In preparation for the possibility that a revitalized Palestinian Authority will return to rule over the coastal strip, Al Quds reported that Ramallah has instructed its government departments to follow up on the work of the corresponding bodies run by Hamas in the coastal enclave.

Palestinians chant slogans and wave yellow Fatah movement flags during a rally marking the 18th anniversary of the death of Fatah founder and Palestinian Authority leader Yasser Arafat in Gaza City, Thursday, Nov. 10, 2022. (AP Photo/Fatima Shbair)

The reform plan further includes the appointment of new judges to the Palestinian Supreme Administrative Court and ambassadors to fill vacant seats, improvements to the Palestinian Anti-Corruption Commission, as well as legal changes to existing provisions in the tax code and competition legislation.

In addition, it will open the way for a restructuring and merger of some government departments, the establishment of a national water company and the completion of works to the water supply system in various areas of the West Bank.

The moves fall far short of a proposal pushed by the US and its allies in recent weeks that would transfer many of Abbas’s presidential powers to the prime minister, leaving the 88-year-old autocrat in a largely ceremonial role.

Palestinian Authority President Mahmoud Abbas meets with Spain’s Prime Minister Pedro Sanchez and Belgium’s Prime Minister Alexander De Croo in the West Bank city Ramallah, on Thursday, Nov. 23, 2023. (Alaa Badarneh/Pool via AP)

Critics say the reform package announced by Shtayyeh comprises little more than cosmetic measures aimed at appeasing the US administration and the international community

“It is just to give the impression that they are trying to do something,” said Samer Sinijlawi, a Palestinian political activist from East Jerusalem.
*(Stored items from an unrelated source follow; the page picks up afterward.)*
lemma constrained_least_squares_bound:
  fixes uh :: "real \<Rightarrow> real"
  assumes gram: "0 < m" "\<And>c. m * (\<Sum>j\<le>p. (c j)^2) \<le> integral {0..T} (\<lambda>\<tau>. (gfun p \<phi> c \<tau>)^2)"
    and cont: "\<And>j. j \<le> p \<Longrightarrow> continuous_on {0..T} (\<phi> j)"
    and const: "c0 \<noteq> 0" "\<And>\<tau>. 0 \<le> \<tau> \<Longrightarrow> \<phi> 0 \<tau> = c0"
    and T: "0 \<le> T"
    and uh: "continuous_on {0..T} uh" "\<And>\<tau>. \<tau> \<in> {0..T} \<Longrightarrow> \<bar>uh \<tau>\<bar> \<le> B"
    and opt: "\<forall>c'. \<bar>gfun p \<phi> c' 0 - uh 0\<bar> \<le> \<delta> \<longrightarrow>
       integral {0..T} (\<lambda>\<tau>. (gfun p \<phi> c \<tau> - uh \<tau>)^2) \<le> integral {0..T} (\<lambda>\<tau>. (gfun p \<phi> c' \<tau> - uh \<tau>)^2)"
    and \<delta>: "0 \<le> \<delta>"
  shows "(\<Sum>j\<le>p. (c j)^2) \<le> 10 * T * B^2 / m"
proof -
  define r where "r = (\<lambda>\<tau>. 2 * (gfun p \<phi> c \<tau> - uh \<tau>)^2)"
  have gcont: "continuous_on {0..T} (gfun p \<phi> c)"
    unfolding gfun_def by (intro continuous_intros cont) auto
  have r: "r integrable_on {0..T}"
    unfolding r_def by (intro integrable_continuous_interval continuous_intros gcont uh(1))
  have "m * (\<Sum>j\<le>p. (c j)^2) \<le> integral {0..T} (\<lambda>\<tau>. r \<tau> + 2 * B^2)"
  proof (rule order_trans[OF gram(2) integral_le])
    fix \<tau> assume \<tau>: "\<tau> \<in> {0..T}"
    have "(gfun p \<phi> c \<tau>)^2 \<le> 2 * (gfun p \<phi> c \<tau> - uh \<tau>)^2 + 2 * (uh \<tau>)^2"
      using zero_le_power2[of "gfun p \<phi> c \<tau> - 2 * uh \<tau>"] by (simp add: power2_eq_square algebra_simps)
    moreover have "(uh \<tau>)^2 \<le> B^2"
      using uh(2)[OF \<tau>] by (metis abs_le_square_iff abs_of_nonneg abs_ge_zero order_trans)
    ultimately show "(gfun p \<phi> c \<tau>)^2 \<le> r \<tau> + 2 * B^2"
      by (simp add: r_def)
  qed (intro integrable_continuous_interval continuous_intros gcont uh(1) integrable_add r
      integrable_const_ivl)+
  also have "\<dots> = 2 * integral {0..T} (\<lambda>\<tau>. (gfun p \<phi> c \<tau> - uh \<tau>)^2) + 2 * B^2 * T"
    using integral_add[OF r integrable_const_ivl[of "2 * B^2" 0 T]] T by (simp add: r_def)
  also have "\<dots> \<le> 10 * T * B^2"
    using constrained_least_squares_residual[OF cont const T uh opt \<delta>] by simp
  finally show ?thesis
    using gram(1) by (simp add: field_simps mult.commute)
qed

lemma C1_increment_bound:
  fixes \<psi> \<psi>' :: "real \<Rightarrow> real"
  assumes "continuous_on {0..} \<psi>'" "\<And>\<tau>. 0 \<le> \<tau> \<Longrightarrow> (\<psi> has_real_derivative \<psi>' \<tau>) (at \<tau> within {0..})"
  shows "\<exists>L. \<forall>h\<in>{0..T}. \<bar>\<psi> h - \<psi> 0\<bar> \<le> L * h"
proof -
  have "bounded (\<psi>' ` {0..T})"
    by (intro compact_imp_bounded compact_continuous_image compact_Icc continuous_on_subset[OF assms(1)]) auto
  then obtain L where "\<forall>y\<in>\<psi>' ` {0..T}. norm y \<le> L"
    by (auto simp: bounded_iff)
  then have L: "\<And>\<tau>. \<tau> \<in> {0..T} \<Longrightarrow> \<bar>\<psi>' \<tau>\<bar> \<le> L"
    by force
  have "\<bar>\<psi> h - \<psi> 0\<bar> \<le> L * h" if h: "h \<in> {0..T}" for h
  proof -
    have "\<exists>\<xi>\<in>{0..h}. \<psi> h - \<psi> 0 = (\<lambda>y. \<psi>' \<xi> * y) (h - 0)"
    proof (rule mvt_very_simple)
      fix \<xi> assume "0 \<le> \<xi>" "\<xi> \<le> h"
      then have "(\<psi> has_real_derivative \<psi>' \<xi>) (at \<xi> within {0..h})"
        by (intro DERIV_subset[OF assms(2)]) auto
      then show "(\<psi> has_derivative (\<lambda>y. \<psi>' \<xi> * y)) (at \<xi> within {0..h})"
        by (simp add: has_field_derivative_def)
    qed (use h in auto)
    then obtain \<xi> where "\<xi> \<in> {0..h}" "\<psi> h - \<psi> 0 = \<psi>' \<xi> * h"
      by auto
    moreover have "\<bar>\<psi>' \<xi>\<bar> \<le> L"
      using \<open>\<xi> \<in> {0..h}\<close> h by (intro L) auto
    ultimately show ?thesis
      using h by (simp add: abs_mult mult_right_mono)
  qed
  then show ?thesis by blast
qed

locale event_triggered_system =
  fixes f :: "real^'n \<Rightarrow> real^'m \<Rightarrow> real^'q \<Rightarrow> real^'n"
    and \<gamma> :: "real^'n \<Rightarrow> real^'m"
    and V :: "real^'n \<Rightarrow> real"
    and gradV :: "real^'n \<Rightarrow> real^'n"
    and \<alpha>1 \<alpha>2 \<alpha>3 \<rho>1 \<rho>2 :: "real \<Rightarrow> real"
    and D T \<sigma> r :: real
    and p :: nat
    and \<phi> :: "nat \<Rightarrow> real \<Rightarrow> real"
  assumes A1_V: "\<And>z. (V has_derivative (\<lambda>h. gradV z \<bullet> h)) (at z)"
    and A1_C1: "continuous_on UNIV gradV"
    and A1_K: "class_Kinf \<alpha>1" "class_Kinf \<alpha>2" "class_Kinf \<alpha>3" "class_Kinf \<rho>1" "class_Kinf \<rho>2"
    and A1_sandwich: "\<And>z. \<alpha>1 (norm z) \<le> V z \<and> V z \<le> \<alpha>2 (norm z)"
    and A1_ISS: "\<And>z e w. gradV z \<bullet> f z (\<gamma> z + e) w
                     \<le> - \<alpha>3 (norm z) + \<rho>1 (norm e) + \<rho>2 (norm w)"
    and A2_f: "\<And>C. compact C \<Longrightarrow> \<exists>L. L-lipschitz_on C (\<lambda>(z, v, w). f z v w)"
    and A2_\<gamma>: "\<And>C. compact C \<Longrightarrow> \<exists>L. L-lipschitz_on C \<gamma>"
    and A2_0: "f 0 0 0 = 0" "\<gamma> 0 = 0"
    and A3: "D \<ge> 0"
    and A4_C1: "\<And>j. j \<le> p \<Longrightarrow> \<exists>\<phi>'. continuous_on {0..} \<phi>'
                    \<and> (\<forall>\<tau>\<ge>0. (\<phi> j has_real_derivative \<phi>' \<tau>) (at \<tau> within {0..}))"
    and A4_const: "\<exists>c. c \<noteq> 0 \<and> (\<forall>\<tau>\<ge>0. \<phi> 0 \<tau> = c)"
    and A4_T: "T > 0"
    and A4_indep: "\<And>c. (\<forall>\<tau>\<in>{0..T}. gfun p \<phi> c \<tau> = 0) \<Longrightarrow> \<forall>j\<le>p. c j = 0"
    and \<sigma>: "0 < \<sigma>" "\<sigma> < 1"
    and r: "0 \<le> r"
begin

abbreviation eps :: real where "eps \<equiv> trig_eps \<alpha>2 \<alpha>3 \<rho>2 D \<sigma>"
definition eta :: "real \<Rightarrow> real"
  where "eta s = 1 / sqrt (real CARD('m)) * Kinv \<rho>1 (r * (\<sigma> / 2) * \<alpha>3 s)"
abbreviation \<kappa> :: real where "\<kappa> \<equiv> \<alpha>3 (Kinv \<alpha>2 eps)"

lemma eta_nonneg: "0 \<le> s \<Longrightarrow> 0 \<le> eta s"
  unfolding eta_def using r \<sigma> class_Kinf_nonneg[OF A1_K(3)] by (simp add: Kinv_nonneg[OF A1_K(4)])

lemma eps_nonneg: "0 \<le> eps"
proof -
  have "0 \<le> 2 * \<rho>2 D / \<sigma>"
    using class_Kinf_nonneg[OF A1_K(5) A3] \<sigma> by simp
  then show ?thesis
    unfolding trig_eps_def by (intro class_Kinf_nonneg[OF A1_K(2)] Kinv_nonneg[OF A1_K(3)])
qed

lemma kappa_nonneg: "0 \<le> \<kappa>"
  by (intro class_Kinf_nonneg[OF A1_K(3)] Kinv_nonneg[OF A1_K(2) eps_nonneg])

lemma norm_le_Kinv_\<alpha>1:
  assumes "V z \<le> c"
  shows "norm z \<le> Kinv \<alpha>1 c"
proof -
  have "0 \<le> c"
    using A1_sandwich[of z] class_Kinf_nonneg[OF A1_K(1) norm_ge_zero] assms by (meson order_trans)
  then show ?thesis
    using le_Kinv_iff[OF A1_K(1) norm_ge_zero] A1_sandwich[of z] assms by (meson order_trans)
qed

lemma outside_sublevel_set:
  assumes "eps \<le> V z"
  shows "2 * \<rho>2 D / \<sigma> \<le> \<alpha>3 (norm z)" "Kinv \<alpha>2 eps \<le> norm z" "\<kappa> \<le> \<alpha>3 (norm z)"
proof -
  have q: "0 \<le> 2 * \<rho>2 D / \<sigma>"
    using class_Kinf_nonneg[OF A1_K(5) A3] \<sigma> by simp
  have \<alpha>2: "eps \<le> \<alpha>2 (norm z)"
    using assms A1_sandwich[of z] by linarith
  then show "2 * \<rho>2 D / \<sigma> \<le> \<alpha>3 (norm z)"
    unfolding trig_eps_def
    by (simp add: class_Kinf_le_iff[OF A1_K(2) Kinv_nonneg[OF A1_K(3) q]] Kinv_le_iff[OF A1_K(3) _ q])
  show "Kinv \<alpha>2 eps \<le> norm z"
    using Kinv_le_iff[OF A1_K(2) norm_ge_zero[of z] eps_nonneg] \<alpha>2 by simp
  then show "\<kappa> \<le> \<alpha>3 (norm z)"
    using class_Kinf_le_iff[OF A1_K(3) Kinv_nonneg[OF A1_K(2) eps_nonneg] norm_ge_zero[of z]] by simp
qed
“Nearly every year, [Palestinian Prime Minister] Muhammad Shtayyeh announces a plan of reforms,” said Sinijlawi, recalling that Ramallah submitted a comprehensive 21-point reform agenda to European donor countries in Brussels in May 2022, which also contained improvements to the administration, healthcare, and the economic, legal and educational systems.

“The Palestinian people, before the Americans, should have a say in this. Polls show that 90 percent of the Palestinians say Abbas should leave. So the minimum we should expect is for Abbas to hand over all his powers to a strong, reliable, accountable, trustworthy prime minister that can bring Gaza and the West Bank together, that can restore unity inside Fatah and bring an end to internal divisions. These are the reforms Palestinians are expecting to see.”

Svetlova echoed the criticism.

“It’s hard to believe it’s a real deal,” she said. “To reform [the Palestinian Authority], they need to get rid of all the corrupt apparatus that is leading it, start building new state institutions, and opt for elections.”